At the Electricity Showrooms in Hoxton Square on Wednesday October 20th, I encountered Robert Dye and Miles Franklin once more, and also fellow Star Karin Komoto (who is as naively sensous as her effortlessly seductive song portrays her, believe me) while Nick lived up to everything I'd ever read about him. Talkative, witty, clever, civilized, articulate and full of life. Our conversation touched on Mark E. Smith, John Peel, Belle and Sebastian, Saint Etienne and the NME ... and went into more surprising, slightly more unexpected places as well.
Nick's actual performance (delayed, so shorter than planned) was a reflection of where he'd moved since our previous meeting - to the uncharted territory of Synthetic Baroque Prog Pop. The four new songs for Kahimi Karie are snapshots of one of the most unexpected and yet perfectly-timed developments in his career thus far, which, like the current music of David Inglesfield ( http://www.elidor.freeserve.co.uk/inglesfield.htm ), is the sound of prog rock finally escaping its post-punk obscurity, and being recognised as the brave, anti-purist fusion of past and future that it was at its best (although, as mentioned elsewhere, there was a lot of chaff amid the wheat).
"The Seventh Wife of Henry VIII" might veer a little too close to pastiche, with its analog synth widdling obviously inspired by Rick Wakeman's similarly-titled opus. It might be slightly too much in debt to its source, but simply hearing this fascinating but oft-misunderstood part of English history redefined, and hearing "Greensleeves" removed from its usual connotations, is reason enough to love it. The jaunty "Mistaken Memories of Medieval Manhattan" can irritate, with its throwing of Genesis, Yes and Pink Floyd album titles and a Moody Blues song title into the lyrics more as an "I've rediscovered prog" gesture than because it can genuinely take the song anywhere new, but more than any other of these songs, it seems to come from nowhere and everywhere at the same time. It embodies the meeting of the Distant Past and the Far Future, never removed from each other because of the opposed "incongruity", that Nick sees in Japan, acknowledging that the future, far from dismissing what had come before as we once dreamed, will in fact resemble a spooky reinvention of that past.
"The Lady of Shalott" is a plaintive-into-passionate opener to this quintet, and "Pygmalism" was possibly the most emotive live Momus moment yet, as Nick strained to reach the top note of "I'm your via-graaa". And these have got to be the best Kahimi Karie songs so far. All the lounge / easy-listening styles of the early songs (with their implications of the 60s jetset, although they did acknolwedge the emptiness at the heart of it far more than their sniggering contemporaries) have gone, replaced by the closest to heart-on-the-sleeve emotionalism that either Nick or KK will ever get. Sadly missing was the most joyous of the new songs, the electronic jig of "Journey to the Centre of Me" (a title reflecting the self-discovery these songs are for both their writer and their eventual singer) but its absence was a minor quibble.

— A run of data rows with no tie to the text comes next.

(* Let $n\ge 2$ and let $S=\{A_1,\dots,A_m\}$ be a finite set of real $n\times n$ matrices such that every $A\in S$ satisfies $A\mathbf{1}=\mathbf{1}$ and $\|Ax\|_{\mathcal{P}}\le\|x\|_{\mathcal{P}}$ for all $x\in\mathbb{R}^n$. Consider the switched system $x(t+1)=A_{\sigma(t)}x(t)$, $x(0)=x_0$, with $\sigma:\mathbb{N}\to\{1,\dots,m\}$. Then there exists a sequence $\sigma$ such that for every initial condition $x_0$ the trajectory converges to a multiple of $\mathbf{1}$ if and only if for every $x_0\in\mathcal{P}$ there exists $\sigma$ with $A_{\sigma(N-1)}\cdots A_{\sigma(0)}x_0\in\operatorname{int}(\mathcal{P})$, where $N=\tfrac12(3^n-2^{n+1}+1)$.
   Context: $\mathbf{1}=(1,\dots,1)^\top\in\mathbb{R}^n$. The seminorm is $\|x\|_{\mathcal{P}}=\tfrac12(\max_i x_i-\min_i x_i)$ and $\mathcal{P}=\{x:\|x\|_{\mathcal{P}}\le 1\}$. ($N$ equals the number of pairs $\{F,-F\}$ of opposite proper open faces of the polyhedron $\mathcal{P}$.) *)

theory Defs
  imports "HOL-Analysis.Analysis"
begin

definition ones :: "real^'n" where
  "ones = (\<chi> i. 1)"

definition pnorm :: "real^'n \<Rightarrow> real" where
  "pnorm x = (Max (range (\<lambda>i. x $ i)) - Min (range (\<lambda>i. x $ i))) / 2"

definition Pball :: "(real^'n) set" where
  "Pball = {x. pnorm x \<le> 1}"

text \<open>Trajectory of the switched system x(t+1) = A_sigma(t) x(t), x(0) = x0;
  the switching signal is given directly as the sequence of chosen matrices.\<close>
fun traj :: "(nat \<Rightarrow> real^'n^'n) \<Rightarrow> real^'n \<Rightarrow> nat \<Rightarrow> real^'n" where
  "traj \<sigma> x0 0 = x0"
| "traj \<sigma> x0 (Suc t) = \<sigma> t *v traj \<sigma> x0 t"

text \<open>N = (3^n - 2^(n+1) + 1)/2 (an integer for every n).\<close>
definition Nbound :: "nat \<Rightarrow> nat" where
  "Nbound n = (3 ^ n + 1 - 2 ^ (n + 1)) div 2"

end

theory Submission
  imports Defs "HOL-Library.Cardinality"
begin

text \<open>
  A point on the boundary of \<open>Pball\<close> lies on the proper face determined by the pair of index
  sets where its maximal and minimal entries are attained, and \<open>x \<mapsto> - x\<close> swaps the pair; there are
  exactly \<open>N\<close> pairs of opposite faces. Two boundary points \<open>x\<close>, \<open>y\<close> of the same face are
  interchangeable: \<open>(1 + e) y - e x\<close> stays in \<open>Pball\<close> for small \<open>e > 0\<close>, so by linearity and
  nonexpansiveness every product that pushes \<open>x\<close> into the interior pushes \<open>y\<close> there too.

  Necessity: along a shortest switching sequence taking \<open>x0\<close> into the interior, all earlier points
  lie on the boundary in pairwise different classes of opposite faces, since otherwise the loop between
  two of them could be cut out; hence the length is at most \<open>N\<close>.

  Sufficiency: the finitely many vertices of the cube \<open>[-1, 1]\<^sup>n\<close> can all be driven into the
  interior by one concatenated switching sequence; by convexity and invariance along \<open>ones\<close> the
  resulting product contracts the seminorm by a factor \<open>\<rho> < 1\<close>. Repeating it periodically makes
  the seminorm decay geometrically along every trajectory; the increments are bounded by a multiple
  of the seminorm, so the trajectory converges, and its limit has seminorm \<open>0\<close>.
\<close>

section \<open>The seminorm\<close>

definition max_entry :: "real^'n \<Rightarrow> real" where
  "max_entry x = Max (range (\<lambda>i. x $ i))"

I'm writing this listening to the Radio 4 version of The Children of Green Knowe, with its music by the Fratelli Brothers, a wondrous recreation of English medievalism (the book, like "Minty Fresh", quotes "Green grow the rushes oh"). I still take the innocent pleasure in all this I took when I was 7, but now I imagine a spooky 21st-century version of Green Knowe, with Toby, Alexander and Linnet playing fake flutes, using timeslipped ZX81 computers, and their harpsichords being analog synths underneath. Now, I'm no longer content to leave medievalisms where I find them ... I feel the urge to put them through a filter. And when I imagined these songs sung by a once self-consciously innocent Japanese girl, escaping the remains of those ancient attitudes to women that survive in her country, reaching maturity, their essence became complete.
After "Tinnitus", "Jeff Koons", and, inevitably, "Robert Dye" and "Miles Franklin", that was it - a vaudevillian's departure, then on to the Vaudeville tour of the US and Canada, the Sterne Fur Immer tour of Germany, and an ever-increasing band of devotees.
So what next? http://www.demon.co.uk/momus/news.html says it all, but the first ever full UK Momus tour (Manchester-Glasgow-Nottingham-Brighton-London) in February 2000, and then he will appear in cabaret in New York as the Earl of Amiga in Electronics in the 18th Century, a fantasia on the continuum between the elegance of earlier centuries and the electronics of the one we've just entered. He should thrill us again soon after that as well. This man moves fast. Keep up.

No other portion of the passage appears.